-
Notifications
You must be signed in to change notification settings - Fork 9
Twitter Space Mechanics
This page attempts to explain how Twitter Spaces operate, how we are able to download them, and have a look at the inner-workings of Twitter Spaces under the hood.
Twitter Spaces are basically audio-centralized chatrooms on Twitter. They are a 'space' for users to chat with other users who are like minded, want to have a conversation, hang out, etc. I think you get the basic idea.
When a Twitter Space is created, users have two choices:
-
Archived: The audio from the Space is saved and available for replay at a later date. Everything is preserved.
-
Unarchived: The audio from the Space is deleted from Twitter's servers after the Space ends, and users are unable to replay the Space after it ends. However, as we'll see momentarily, this is easily overridable.

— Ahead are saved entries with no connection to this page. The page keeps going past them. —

(* Let $f$ be a function, $x^\star$ one of its global optima with associated $(\nu,\rho)$, let $C>1$, and let $d=d(\nu,C,\rho)>0$. Set \[ \tilde n=\Big\lfloor \frac{n}{\bar\log n}\Big\rfloor\,\frac{d\log(1/\rho)}{C}, \] and assume $\tilde n>e$. Then after a run of \texttt{SequOOL} with budget $n$ (deterministic feedback), the simple regret satisfies \[ r_n\le \nu\Big(\frac{\tilde n}{\log \tilde n}\Big)^{-1/d}. \]
   Context: Let $\mathcal X$ be a set and $f:\mathcal X\to\mathbb R$ a function attaining its supremum; a point $x^\star$ with $f(x^\star)=\sup_{x\in\mathcal X}f(x)$ is a global optimum. Hierarchical partitioning $\mathcal P=\{\mathcal P_{h,i}\}$: - for every depth $h\ge 0$, the cells $\{\mathcal P_{h,i}\}_{1\le i\le I_h}$ form a partition of $\mathcal X$, and $\mathcal P_{0,1}=\mathcal X$; - each cell $\mathcal P_{h,i}$ is partitioned into finitely many children cells of depth $h+1$; - each cell has a fixed representative point $x_{h,i}\in\mathcal P_{h,i}$, and we write $f_{h,i}=f(x_{h,i})$; - for a global optimum $x^\star$, $i^\star_h$ is the index of the unique depth-$h$ cell containing $x^\star$. Local smoothness: a global optimum $x^\star$ has associated $(\nu,\rho)$, with $\nu>0$ and $\rho\in(0,1)$, if for all $h\in\mathbb N$ and all $x\in\mathcal P_{h,i^\star_h}$ we have $f(x)\ge f(x^\star)-\nu\rho^h$. Near-optimality dimension: for $\nu>0$, $C>1$, $\rho\in(0,1)$, let $\mathcal N_h(\epsilon)$ be the number of depth-$h$ cells $\mathcal P_{h,i}$ with $\sup_{x\in\mathcal P_{h,i}}f(x)\ge f(x^\star)-\epsilon$. Define \[ d(\nu,C,\rho)=\inf\{d'\ge 0:\ \forall h\ge 0,\ \mathcal N_h(3\nu\rho^h)\le C\rho^{-d'h}\}, \] which is assumed finite. Notation: $\bar\log n=\sum_{t=1}^n 1/t$ (the $n$-th harmonic number). Simple regret: $r_n=f(x^\star)-f(x(n))$. Deterministic feedback: evaluating a cell $\mathcal P_{h,i}$ returns $f_{h,i}$ exactly. Opening a cell means evaluating each of its children cells once. \texttt{SequOOL} with budget $n$: set $h_{\max}=\lfloor n/\bar\log n\rfloor$ and open $\mathcal P_{0,1}$. Then, for $h=1,2,\dots,h_{\max}$ in increasing order, open the $\lfloor h_{\max}/h\rfloor$ depth-$h$ cells having the largest values $f_{h,j}$ among the evaluated depth-$h$ cells (or all of them if there are fewer). Finally, output $x(n)$, a representative point $x_{h,i}$ of an evaluated cell maximizing $f_{h,i}$. *)

theory Defs
  imports "HOL-Analysis.Analysis"
begin

text \<open>Hierarchical partitioning of X: depth h has cells P h i, 1 \<le> i \<le> I h,
  with representative points x h i.\<close>

definition children :: "(nat \<Rightarrow> nat) \<Rightarrow> (nat \<Rightarrow> nat \<Rightarrow> 'a set) \<Rightarrow> nat \<Rightarrow> nat \<Rightarrow> nat set" where
  "children I P h i = {j \<in> {1..I (Suc h)}. P (Suc h) j \<subseteq> P h i}"

definition hier_partition ::
  "'a set \<Rightarrow> (nat \<Rightarrow> nat) \<Rightarrow> (nat \<Rightarrow> nat \<Rightarrow> 'a set) \<Rightarrow> (nat \<Rightarrow> nat \<Rightarrow> 'a) \<Rightarrow> bool" where
  "hier_partition X I P x \<longleftrightarrow>
     I 0 = 1 \<and> P 0 1 = X \<and>
     (\<forall>h. (\<Union>i\<in>{1..I h}. P h i) = X \<and>
          (\<forall>i\<in>{1..I h}. \<forall>j\<in>{1..I h}. i \<noteq> j \<longrightarrow> P h i \<inter> P h j = {})) \<and>
     (\<forall>h. \<forall>i\<in>{1..I h}. P h i = (\<Union>j\<in>children I P h i. P (Suc h) j)) \<and>
     (\<forall>h. \<forall>i\<in>{1..I h}. x h i \<in> P h i)"

definition opt_index :: "(nat \<Rightarrow> nat) \<Rightarrow> (nat \<Rightarrow> nat \<Rightarrow> 'a set) \<Rightarrow> 'a \<Rightarrow> nat \<Rightarrow> nat" where
  "opt_index I P xstar h = (THE i. i \<in> {1..I h} \<and> xstar \<in> P h i)"

definition local_smooth ::
  "('a \<Rightarrow> real) \<Rightarrow> (nat \<Rightarrow> nat) \<Rightarrow> (nat \<Rightarrow> nat \<Rightarrow> 'a set) \<Rightarrow> 'a \<Rightarrow> real \<Rightarrow> real \<Rightarrow> bool" where
  "local_smooth f I P xstar \<nu> \<rho> \<longleftrightarrow>
     (\<forall>h. \<forall>y \<in> P h (opt_index I P xstar h). f y \<ge> f xstar - \<nu> * \<rho> ^ h)"

definition near_opt_count ::
  "('a \<Rightarrow> real) \<Rightarrow> (nat \<Rightarrow> nat) \<Rightarrow> (nat \<Rightarrow> nat \<Rightarrow> 'a set) \<Rightarrow> 'a \<Rightarrow> nat \<Rightarrow> real \<Rightarrow> nat" where
  "near_opt_count f I P xstar h \<epsilon> =
     card {i \<in> {1..I h}. Sup (f ` P h i) \<ge> f xstar - \<epsilon>}"

definition near_opt_set ::
  "('a \<Rightarrow> real) \<Rightarrow> (nat \<Rightarrow> nat) \<Rightarrow> (nat \<Rightarrow> nat \<Rightarrow> 'a set) \<Rightarrow> 'a \<Rightarrow> real \<Rightarrow> real \<Rightarrow> real \<Rightarrow> real set" where
  "near_opt_set f I P xstar \<nu> C \<rho> =
     {d'. d' \<ge> 0 \<and> (\<forall>h. real (near_opt_count f I P xstar h (3 * \<nu> * \<rho> ^ h)) \<le> C * \<rho> powr (- d' * real h))}"

definition near_opt_dim ::
  "('a \<Rightarrow> real) \<Rightarrow> (nat \<Rightarrow> nat) \<Rightarrow> (nat \<Rightarrow> nat \<Rightarrow> 'a set) \<Rightarrow> 'a \<Rightarrow> real \<Rightarrow> real \<Rightarrow> real \<Rightarrow> real" where
  "near_opt_dim f I P xstar \<nu> C \<rho> = Inf (near_opt_set f I P xstar \<nu> C \<rho>)"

The transmission of audio in a Twitter Space is achieved via a set of m3u8 playlists. M3U8 is used to catalogue and keep track of multimedia files for streaming on the internet. Twitter Spaces utilize these playlists to transmit short, 3-second-long audio files from the host to the listener. Each audio chunk is encoded in AAC format, and occasionally has id3 errors that prevent concatenation with FFMPEG, so we have to 'clean' the files before we concatenate them. We use Python's mutagen library for this; we strip all of the id3 tags from the chunks before we use os.subprocess
to run FFMPEG and concatenate the AAC files in to one, long coherent file.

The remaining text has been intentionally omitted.